Task item ::
Nothing outside the stretch is wanted. Repeat exactly the lines of the listing below from the one that contains "(* Let $X$ be" through the one that contains "(\<forall>r x. sc", both ends included.

Raw data ::
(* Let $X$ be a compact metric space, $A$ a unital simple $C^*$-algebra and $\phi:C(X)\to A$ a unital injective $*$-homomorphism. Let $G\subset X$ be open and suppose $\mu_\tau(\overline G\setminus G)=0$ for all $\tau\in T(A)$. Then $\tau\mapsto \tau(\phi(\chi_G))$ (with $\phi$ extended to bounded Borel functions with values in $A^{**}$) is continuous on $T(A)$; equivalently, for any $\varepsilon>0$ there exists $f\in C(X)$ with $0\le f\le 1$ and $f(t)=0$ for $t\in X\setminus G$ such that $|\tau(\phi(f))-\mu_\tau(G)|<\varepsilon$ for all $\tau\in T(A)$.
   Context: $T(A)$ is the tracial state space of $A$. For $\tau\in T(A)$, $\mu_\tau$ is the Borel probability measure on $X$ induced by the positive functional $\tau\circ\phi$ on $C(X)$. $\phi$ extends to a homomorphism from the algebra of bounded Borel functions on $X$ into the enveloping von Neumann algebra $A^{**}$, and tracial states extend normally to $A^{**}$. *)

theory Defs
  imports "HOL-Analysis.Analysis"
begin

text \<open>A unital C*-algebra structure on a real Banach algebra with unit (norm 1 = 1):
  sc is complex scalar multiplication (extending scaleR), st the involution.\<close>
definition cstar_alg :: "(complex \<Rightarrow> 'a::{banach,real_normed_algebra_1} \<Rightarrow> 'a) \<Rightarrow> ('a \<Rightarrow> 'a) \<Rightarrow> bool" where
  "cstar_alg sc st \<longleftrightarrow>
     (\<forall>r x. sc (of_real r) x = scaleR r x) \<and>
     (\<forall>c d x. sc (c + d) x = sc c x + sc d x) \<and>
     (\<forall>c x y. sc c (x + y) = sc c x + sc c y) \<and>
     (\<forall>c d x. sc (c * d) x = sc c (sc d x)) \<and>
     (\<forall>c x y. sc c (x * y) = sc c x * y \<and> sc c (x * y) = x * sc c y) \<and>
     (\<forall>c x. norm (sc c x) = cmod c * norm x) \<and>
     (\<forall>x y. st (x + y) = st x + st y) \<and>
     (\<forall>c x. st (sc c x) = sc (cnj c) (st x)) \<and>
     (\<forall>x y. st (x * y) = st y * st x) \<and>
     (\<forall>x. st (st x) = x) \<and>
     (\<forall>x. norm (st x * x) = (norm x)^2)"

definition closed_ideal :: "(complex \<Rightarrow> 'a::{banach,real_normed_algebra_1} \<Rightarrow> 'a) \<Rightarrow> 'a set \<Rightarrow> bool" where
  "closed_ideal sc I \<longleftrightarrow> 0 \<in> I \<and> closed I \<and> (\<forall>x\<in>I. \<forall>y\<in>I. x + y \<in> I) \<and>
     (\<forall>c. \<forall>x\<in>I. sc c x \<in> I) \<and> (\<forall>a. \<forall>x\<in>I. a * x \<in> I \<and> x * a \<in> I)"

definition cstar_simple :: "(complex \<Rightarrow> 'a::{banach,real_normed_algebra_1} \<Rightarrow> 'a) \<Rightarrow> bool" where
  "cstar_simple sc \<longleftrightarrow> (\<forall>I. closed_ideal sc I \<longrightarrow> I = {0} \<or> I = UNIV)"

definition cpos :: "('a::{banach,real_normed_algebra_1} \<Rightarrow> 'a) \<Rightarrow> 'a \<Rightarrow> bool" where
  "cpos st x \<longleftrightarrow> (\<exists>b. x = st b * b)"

--

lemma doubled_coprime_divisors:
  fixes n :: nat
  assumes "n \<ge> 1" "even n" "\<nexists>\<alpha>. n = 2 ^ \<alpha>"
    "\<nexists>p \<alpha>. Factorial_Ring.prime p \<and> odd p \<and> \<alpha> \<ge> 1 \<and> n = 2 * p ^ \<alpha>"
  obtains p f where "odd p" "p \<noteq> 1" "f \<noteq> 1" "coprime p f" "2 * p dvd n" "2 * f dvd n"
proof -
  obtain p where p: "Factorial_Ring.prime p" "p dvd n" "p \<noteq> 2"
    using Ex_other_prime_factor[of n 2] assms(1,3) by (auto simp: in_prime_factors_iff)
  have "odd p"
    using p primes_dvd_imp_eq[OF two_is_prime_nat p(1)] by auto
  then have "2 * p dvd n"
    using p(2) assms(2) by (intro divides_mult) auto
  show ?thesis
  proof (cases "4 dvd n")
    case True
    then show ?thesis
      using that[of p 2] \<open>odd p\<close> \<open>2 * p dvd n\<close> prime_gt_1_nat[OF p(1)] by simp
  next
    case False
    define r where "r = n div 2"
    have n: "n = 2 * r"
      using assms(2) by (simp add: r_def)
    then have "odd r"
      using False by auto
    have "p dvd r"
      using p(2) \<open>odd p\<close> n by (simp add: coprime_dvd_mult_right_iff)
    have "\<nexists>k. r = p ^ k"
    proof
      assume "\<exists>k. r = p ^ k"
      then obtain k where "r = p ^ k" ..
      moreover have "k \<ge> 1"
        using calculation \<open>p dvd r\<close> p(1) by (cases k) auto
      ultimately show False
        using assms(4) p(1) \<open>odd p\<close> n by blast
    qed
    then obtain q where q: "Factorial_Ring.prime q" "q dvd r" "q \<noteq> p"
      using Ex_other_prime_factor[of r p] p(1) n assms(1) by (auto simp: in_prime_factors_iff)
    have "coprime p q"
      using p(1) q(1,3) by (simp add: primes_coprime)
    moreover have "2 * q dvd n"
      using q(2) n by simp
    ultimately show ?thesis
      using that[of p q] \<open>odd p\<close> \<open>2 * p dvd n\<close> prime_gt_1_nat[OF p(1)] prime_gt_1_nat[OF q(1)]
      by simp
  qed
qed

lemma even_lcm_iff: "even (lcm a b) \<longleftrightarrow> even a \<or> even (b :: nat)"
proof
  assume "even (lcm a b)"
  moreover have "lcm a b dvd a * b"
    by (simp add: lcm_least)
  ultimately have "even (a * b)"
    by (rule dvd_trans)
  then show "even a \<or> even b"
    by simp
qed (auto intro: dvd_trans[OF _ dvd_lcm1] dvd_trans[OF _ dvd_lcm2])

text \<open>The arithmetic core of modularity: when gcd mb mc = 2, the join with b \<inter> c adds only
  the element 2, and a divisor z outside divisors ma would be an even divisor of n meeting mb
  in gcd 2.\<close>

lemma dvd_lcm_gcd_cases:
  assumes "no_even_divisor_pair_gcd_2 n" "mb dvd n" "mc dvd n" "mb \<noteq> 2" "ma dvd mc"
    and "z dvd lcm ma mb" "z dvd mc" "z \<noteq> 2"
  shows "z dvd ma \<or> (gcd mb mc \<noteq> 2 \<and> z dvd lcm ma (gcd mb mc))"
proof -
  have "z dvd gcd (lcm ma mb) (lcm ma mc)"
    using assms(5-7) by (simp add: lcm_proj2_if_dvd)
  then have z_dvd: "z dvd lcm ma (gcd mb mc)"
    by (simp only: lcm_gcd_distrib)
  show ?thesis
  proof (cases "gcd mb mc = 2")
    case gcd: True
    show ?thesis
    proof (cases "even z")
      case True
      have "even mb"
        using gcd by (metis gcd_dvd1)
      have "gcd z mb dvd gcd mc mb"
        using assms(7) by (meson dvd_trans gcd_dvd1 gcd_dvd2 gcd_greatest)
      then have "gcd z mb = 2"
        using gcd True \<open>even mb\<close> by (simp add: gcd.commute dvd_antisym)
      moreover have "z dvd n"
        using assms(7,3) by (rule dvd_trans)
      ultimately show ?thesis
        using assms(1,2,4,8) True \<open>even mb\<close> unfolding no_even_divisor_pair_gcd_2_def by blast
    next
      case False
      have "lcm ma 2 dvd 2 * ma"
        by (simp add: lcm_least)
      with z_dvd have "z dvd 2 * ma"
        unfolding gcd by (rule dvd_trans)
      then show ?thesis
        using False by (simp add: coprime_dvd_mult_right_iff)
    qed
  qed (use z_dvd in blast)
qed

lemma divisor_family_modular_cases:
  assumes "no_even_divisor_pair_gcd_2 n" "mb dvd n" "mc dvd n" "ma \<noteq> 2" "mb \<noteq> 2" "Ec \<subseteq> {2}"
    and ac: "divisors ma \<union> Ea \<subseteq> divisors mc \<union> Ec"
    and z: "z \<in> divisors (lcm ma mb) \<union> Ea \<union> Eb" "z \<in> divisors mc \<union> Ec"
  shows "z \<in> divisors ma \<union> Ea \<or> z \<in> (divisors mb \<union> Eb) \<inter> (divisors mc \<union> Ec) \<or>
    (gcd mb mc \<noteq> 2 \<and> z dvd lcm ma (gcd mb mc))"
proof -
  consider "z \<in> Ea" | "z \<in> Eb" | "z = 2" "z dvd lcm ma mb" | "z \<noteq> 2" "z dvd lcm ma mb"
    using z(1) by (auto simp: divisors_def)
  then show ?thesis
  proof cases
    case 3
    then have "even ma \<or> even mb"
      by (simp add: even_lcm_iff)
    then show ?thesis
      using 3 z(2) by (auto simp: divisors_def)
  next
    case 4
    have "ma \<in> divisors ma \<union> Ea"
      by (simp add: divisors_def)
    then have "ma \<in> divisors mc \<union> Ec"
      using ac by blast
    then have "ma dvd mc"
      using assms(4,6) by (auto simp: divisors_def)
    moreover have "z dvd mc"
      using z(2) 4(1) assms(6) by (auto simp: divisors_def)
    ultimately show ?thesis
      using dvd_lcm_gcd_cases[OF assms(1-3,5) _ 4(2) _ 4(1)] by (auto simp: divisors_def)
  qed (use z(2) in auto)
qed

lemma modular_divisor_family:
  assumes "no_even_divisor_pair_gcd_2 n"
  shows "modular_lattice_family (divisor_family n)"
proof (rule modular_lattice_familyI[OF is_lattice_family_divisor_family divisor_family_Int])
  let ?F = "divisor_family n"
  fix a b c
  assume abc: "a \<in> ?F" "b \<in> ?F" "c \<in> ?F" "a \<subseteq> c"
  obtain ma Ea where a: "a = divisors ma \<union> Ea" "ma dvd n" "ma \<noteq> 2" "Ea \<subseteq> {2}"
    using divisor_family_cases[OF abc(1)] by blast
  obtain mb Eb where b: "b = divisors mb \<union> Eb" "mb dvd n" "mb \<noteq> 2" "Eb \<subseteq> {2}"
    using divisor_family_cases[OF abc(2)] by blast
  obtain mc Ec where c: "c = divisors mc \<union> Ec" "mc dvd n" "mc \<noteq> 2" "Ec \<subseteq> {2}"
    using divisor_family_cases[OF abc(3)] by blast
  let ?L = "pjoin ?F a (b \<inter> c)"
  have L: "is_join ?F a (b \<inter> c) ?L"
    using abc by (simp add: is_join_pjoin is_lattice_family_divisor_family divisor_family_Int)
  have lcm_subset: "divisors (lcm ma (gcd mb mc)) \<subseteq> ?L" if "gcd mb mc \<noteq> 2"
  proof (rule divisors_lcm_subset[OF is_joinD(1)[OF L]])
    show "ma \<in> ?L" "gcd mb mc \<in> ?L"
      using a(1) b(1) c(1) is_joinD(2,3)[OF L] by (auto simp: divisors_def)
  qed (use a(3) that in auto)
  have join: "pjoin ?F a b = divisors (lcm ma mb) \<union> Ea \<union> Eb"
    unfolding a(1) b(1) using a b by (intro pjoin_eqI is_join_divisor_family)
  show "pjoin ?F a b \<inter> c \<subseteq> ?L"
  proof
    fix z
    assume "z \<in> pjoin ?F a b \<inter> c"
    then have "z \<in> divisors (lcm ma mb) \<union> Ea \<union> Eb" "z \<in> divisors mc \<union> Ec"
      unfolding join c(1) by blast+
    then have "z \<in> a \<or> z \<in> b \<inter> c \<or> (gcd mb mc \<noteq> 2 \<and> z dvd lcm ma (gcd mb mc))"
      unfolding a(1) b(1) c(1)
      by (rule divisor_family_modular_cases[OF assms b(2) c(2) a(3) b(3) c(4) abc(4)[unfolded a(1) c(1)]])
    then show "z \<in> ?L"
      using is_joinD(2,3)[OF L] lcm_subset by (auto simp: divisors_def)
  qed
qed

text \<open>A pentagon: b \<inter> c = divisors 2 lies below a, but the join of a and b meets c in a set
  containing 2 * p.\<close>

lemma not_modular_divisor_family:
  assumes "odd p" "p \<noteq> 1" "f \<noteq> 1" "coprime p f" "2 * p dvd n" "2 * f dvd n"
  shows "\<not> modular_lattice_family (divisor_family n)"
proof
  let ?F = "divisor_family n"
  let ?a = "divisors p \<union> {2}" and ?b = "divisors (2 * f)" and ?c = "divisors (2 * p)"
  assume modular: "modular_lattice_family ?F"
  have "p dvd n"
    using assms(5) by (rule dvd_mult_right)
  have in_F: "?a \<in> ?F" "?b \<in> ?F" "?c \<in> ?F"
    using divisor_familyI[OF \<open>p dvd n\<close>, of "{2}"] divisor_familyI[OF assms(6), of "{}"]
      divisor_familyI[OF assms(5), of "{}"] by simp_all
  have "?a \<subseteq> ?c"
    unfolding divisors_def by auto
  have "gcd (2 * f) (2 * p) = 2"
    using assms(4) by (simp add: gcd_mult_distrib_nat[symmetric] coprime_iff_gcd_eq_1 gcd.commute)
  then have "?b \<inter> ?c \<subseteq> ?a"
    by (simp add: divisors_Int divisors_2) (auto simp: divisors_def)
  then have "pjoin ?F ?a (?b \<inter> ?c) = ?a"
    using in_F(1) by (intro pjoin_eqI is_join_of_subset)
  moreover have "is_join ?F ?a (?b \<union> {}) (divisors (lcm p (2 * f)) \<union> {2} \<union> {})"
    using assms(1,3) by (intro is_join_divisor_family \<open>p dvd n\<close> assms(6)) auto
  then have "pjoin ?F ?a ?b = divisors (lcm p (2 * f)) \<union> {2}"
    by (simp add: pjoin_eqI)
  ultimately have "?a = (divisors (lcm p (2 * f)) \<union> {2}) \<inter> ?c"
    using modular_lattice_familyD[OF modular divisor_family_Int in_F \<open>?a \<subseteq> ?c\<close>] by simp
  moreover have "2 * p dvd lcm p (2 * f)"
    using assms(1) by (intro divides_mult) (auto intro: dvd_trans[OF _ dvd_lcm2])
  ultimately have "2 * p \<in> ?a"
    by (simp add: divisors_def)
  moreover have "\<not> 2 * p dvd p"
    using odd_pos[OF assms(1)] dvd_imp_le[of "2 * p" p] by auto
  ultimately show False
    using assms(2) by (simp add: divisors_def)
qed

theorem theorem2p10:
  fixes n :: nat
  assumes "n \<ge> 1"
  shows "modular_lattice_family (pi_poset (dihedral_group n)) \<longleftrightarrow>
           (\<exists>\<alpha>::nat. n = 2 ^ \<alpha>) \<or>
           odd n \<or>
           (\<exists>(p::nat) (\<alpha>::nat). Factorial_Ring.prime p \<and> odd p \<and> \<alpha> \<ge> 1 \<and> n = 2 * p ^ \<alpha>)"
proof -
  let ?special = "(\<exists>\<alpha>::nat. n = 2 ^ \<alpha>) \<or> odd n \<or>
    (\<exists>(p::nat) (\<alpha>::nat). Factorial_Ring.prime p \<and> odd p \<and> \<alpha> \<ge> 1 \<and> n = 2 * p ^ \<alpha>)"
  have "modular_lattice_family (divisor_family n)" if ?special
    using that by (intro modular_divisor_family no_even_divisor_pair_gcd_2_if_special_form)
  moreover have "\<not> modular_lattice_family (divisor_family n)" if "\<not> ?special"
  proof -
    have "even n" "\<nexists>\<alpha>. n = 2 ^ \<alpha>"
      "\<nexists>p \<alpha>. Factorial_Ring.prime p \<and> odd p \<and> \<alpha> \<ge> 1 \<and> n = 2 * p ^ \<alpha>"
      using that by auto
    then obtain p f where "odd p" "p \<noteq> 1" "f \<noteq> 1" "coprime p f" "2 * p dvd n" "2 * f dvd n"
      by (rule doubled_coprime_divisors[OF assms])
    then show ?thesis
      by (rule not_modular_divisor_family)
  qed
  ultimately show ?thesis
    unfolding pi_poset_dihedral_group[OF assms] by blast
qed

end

Task output ::
(* Let $X$ be a compact metric space, $A$ a unital simple $C^*$-algebra and $\phi:C(X)\to A$ a unital injective $*$-homomorphism. Let $G\subset X$ be open and suppose $\mu_\tau(\overline G\setminus G)=0$ for all $\tau\in T(A)$. Then $\tau\mapsto \tau(\phi(\chi_G))$ (with $\phi$ extended to bounded Borel functions with values in $A^{**}$) is continuous on $T(A)$; equivalently, for any $\varepsilon>0$ there exists $f\in C(X)$ with $0\le f\le 1$ and $f(t)=0$ for $t\in X\setminus G$ such that $|\tau(\phi(f))-\mu_\tau(G)|<\varepsilon$ for all $\tau\in T(A)$.
   Context: $T(A)$ is the tracial state space of $A$. For $\tau\in T(A)$, $\mu_\tau$ is the Borel probability measure on $X$ induced by the positive functional $\tau\circ\phi$ on $C(X)$. $\phi$ extends to a homomorphism from the algebra of bounded Borel functions on $X$ into the enveloping von Neumann algebra $A^{**}$, and tracial states extend normally to $A^{**}$. *)

theory Defs
  imports "HOL-Analysis.Analysis"
begin

text \<open>A unital C*-algebra structure on a real Banach algebra with unit (norm 1 = 1):
  sc is complex scalar multiplication (extending scaleR), st the involution.\<close>
definition cstar_alg :: "(complex \<Rightarrow> 'a::{banach,real_normed_algebra_1} \<Rightarrow> 'a) \<Rightarrow> ('a \<Rightarrow> 'a) \<Rightarrow> bool" where
  "cstar_alg sc st \<longleftrightarrow>
     (\<forall>r x. sc (of_real r) x = scaleR r x) \<and>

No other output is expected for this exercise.